• _Your goal_: Lines with the string "blast" must each be copied from the listing.

• _Listed entries_:
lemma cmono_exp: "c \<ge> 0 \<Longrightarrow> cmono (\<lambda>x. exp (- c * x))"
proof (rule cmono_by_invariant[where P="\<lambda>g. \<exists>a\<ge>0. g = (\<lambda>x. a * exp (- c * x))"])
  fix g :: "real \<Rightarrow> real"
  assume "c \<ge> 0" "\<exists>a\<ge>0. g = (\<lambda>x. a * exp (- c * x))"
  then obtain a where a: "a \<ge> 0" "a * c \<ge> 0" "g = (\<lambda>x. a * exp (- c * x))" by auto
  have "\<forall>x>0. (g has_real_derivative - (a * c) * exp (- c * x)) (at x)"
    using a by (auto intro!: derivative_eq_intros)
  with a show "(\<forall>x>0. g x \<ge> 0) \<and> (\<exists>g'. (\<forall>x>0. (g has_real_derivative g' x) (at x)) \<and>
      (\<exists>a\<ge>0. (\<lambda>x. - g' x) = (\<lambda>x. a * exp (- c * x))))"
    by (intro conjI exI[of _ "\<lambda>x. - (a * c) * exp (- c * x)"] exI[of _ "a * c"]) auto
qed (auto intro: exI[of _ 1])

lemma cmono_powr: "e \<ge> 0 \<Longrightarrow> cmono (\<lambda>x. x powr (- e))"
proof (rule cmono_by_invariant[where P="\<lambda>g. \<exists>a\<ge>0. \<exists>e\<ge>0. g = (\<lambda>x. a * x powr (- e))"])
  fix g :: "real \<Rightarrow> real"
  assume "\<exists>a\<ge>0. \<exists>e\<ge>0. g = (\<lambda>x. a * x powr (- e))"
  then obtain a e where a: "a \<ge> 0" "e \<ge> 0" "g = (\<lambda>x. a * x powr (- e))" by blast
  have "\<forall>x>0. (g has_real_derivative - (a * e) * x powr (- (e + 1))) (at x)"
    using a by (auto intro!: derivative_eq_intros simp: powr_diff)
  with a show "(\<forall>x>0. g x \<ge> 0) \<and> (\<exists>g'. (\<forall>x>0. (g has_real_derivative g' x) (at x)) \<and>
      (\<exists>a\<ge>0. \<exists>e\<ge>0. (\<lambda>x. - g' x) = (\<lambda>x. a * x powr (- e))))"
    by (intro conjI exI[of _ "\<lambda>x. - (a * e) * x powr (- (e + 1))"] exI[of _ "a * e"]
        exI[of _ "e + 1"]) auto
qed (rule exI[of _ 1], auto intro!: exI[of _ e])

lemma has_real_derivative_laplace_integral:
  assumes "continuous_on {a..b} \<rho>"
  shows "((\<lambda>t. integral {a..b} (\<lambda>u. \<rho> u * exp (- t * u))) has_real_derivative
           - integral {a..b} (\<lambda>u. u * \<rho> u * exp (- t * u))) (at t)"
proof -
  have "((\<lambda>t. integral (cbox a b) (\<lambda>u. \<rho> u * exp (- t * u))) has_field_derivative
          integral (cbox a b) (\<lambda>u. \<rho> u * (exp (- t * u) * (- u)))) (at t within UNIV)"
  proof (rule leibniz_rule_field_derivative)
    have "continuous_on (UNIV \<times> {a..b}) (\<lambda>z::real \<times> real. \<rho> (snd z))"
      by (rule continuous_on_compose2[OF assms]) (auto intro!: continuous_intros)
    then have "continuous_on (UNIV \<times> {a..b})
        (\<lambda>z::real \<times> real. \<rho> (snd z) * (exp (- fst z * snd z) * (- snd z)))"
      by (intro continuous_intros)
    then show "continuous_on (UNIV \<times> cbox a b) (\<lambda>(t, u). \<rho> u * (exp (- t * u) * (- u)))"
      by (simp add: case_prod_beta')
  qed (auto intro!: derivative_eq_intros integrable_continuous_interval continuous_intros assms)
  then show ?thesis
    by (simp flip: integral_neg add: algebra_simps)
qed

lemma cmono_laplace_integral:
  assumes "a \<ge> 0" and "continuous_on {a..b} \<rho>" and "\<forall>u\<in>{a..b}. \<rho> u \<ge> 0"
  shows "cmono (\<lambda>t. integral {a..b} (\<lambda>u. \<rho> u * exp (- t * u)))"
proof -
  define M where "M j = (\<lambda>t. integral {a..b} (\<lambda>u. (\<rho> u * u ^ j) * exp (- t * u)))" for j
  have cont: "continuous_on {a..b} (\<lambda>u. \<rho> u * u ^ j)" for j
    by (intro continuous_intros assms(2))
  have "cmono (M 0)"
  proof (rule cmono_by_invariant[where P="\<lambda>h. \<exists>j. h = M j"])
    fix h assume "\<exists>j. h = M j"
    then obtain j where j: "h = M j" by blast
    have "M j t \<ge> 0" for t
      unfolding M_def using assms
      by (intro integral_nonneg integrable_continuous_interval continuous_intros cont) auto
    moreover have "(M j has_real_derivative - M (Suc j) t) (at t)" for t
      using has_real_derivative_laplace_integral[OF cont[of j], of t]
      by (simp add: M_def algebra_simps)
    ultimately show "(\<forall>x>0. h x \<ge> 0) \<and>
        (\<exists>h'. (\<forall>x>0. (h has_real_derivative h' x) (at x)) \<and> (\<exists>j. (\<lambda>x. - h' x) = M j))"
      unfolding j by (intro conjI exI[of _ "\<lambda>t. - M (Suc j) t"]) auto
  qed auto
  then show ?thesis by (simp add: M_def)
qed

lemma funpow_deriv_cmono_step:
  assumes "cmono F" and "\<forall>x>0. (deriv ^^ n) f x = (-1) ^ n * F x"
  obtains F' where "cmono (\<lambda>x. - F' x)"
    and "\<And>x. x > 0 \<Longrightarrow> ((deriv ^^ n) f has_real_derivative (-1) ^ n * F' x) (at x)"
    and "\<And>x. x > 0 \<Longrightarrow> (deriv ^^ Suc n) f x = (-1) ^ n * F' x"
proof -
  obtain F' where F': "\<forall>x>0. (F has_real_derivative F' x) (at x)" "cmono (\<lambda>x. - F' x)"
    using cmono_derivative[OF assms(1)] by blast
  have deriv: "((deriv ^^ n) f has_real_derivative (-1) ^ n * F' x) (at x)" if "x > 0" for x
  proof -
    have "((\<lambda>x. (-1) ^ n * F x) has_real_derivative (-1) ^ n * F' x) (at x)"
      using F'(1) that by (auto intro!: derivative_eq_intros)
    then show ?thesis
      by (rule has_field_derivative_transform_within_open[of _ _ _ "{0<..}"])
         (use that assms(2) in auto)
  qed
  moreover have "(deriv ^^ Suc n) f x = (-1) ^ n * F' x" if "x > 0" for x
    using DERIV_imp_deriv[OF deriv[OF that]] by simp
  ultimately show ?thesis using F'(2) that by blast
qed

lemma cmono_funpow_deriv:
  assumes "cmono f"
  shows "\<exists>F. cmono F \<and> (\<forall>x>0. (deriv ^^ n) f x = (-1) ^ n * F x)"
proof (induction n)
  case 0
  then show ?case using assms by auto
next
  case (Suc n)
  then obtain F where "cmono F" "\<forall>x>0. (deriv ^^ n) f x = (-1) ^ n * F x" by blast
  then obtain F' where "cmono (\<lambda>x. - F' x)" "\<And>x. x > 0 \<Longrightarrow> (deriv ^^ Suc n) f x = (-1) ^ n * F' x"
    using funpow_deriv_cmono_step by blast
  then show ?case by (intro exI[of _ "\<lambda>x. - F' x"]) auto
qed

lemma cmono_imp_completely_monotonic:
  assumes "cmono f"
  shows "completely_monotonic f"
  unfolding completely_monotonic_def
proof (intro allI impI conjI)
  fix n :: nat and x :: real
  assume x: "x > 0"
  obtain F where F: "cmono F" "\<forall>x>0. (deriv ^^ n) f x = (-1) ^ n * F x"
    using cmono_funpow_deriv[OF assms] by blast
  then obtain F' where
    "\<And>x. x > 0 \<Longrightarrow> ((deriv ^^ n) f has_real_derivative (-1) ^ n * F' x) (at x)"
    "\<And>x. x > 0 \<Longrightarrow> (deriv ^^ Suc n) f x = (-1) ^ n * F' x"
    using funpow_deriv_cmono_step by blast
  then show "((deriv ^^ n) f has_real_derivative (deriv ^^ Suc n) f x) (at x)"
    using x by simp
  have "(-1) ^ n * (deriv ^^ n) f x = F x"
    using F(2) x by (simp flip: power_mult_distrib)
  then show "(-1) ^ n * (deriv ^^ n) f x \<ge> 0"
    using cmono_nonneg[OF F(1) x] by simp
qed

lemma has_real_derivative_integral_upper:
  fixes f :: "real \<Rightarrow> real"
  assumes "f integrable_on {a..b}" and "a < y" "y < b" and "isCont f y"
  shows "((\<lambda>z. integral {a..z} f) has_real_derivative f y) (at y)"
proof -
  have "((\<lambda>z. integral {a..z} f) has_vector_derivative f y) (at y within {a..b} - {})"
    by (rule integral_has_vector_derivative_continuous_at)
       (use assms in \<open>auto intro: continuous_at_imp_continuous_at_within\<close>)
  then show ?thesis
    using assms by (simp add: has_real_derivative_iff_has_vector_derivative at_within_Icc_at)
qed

• _Written answer_:
  then obtain a e where a: "a \<ge> 0" "e \<ge> 0" "g = (\<lambda>x. a * x powr (- e))" by blast
    then obtain j where j: "h = M j" by blast
    using cmono_derivative[OF assms(1)] by blast
  ultimately show ?thesis using F'(2) that by blast
  then obtain F where "cmono F" "\<forall>x>0. (deriv ^^ n) f x = (-1) ^ n * F x" by blast
    using funpow_deriv_cmono_step by blast
    using cmono_funpow_deriv[OF assms] by blast
    using funpow_deriv_cmono_step by blast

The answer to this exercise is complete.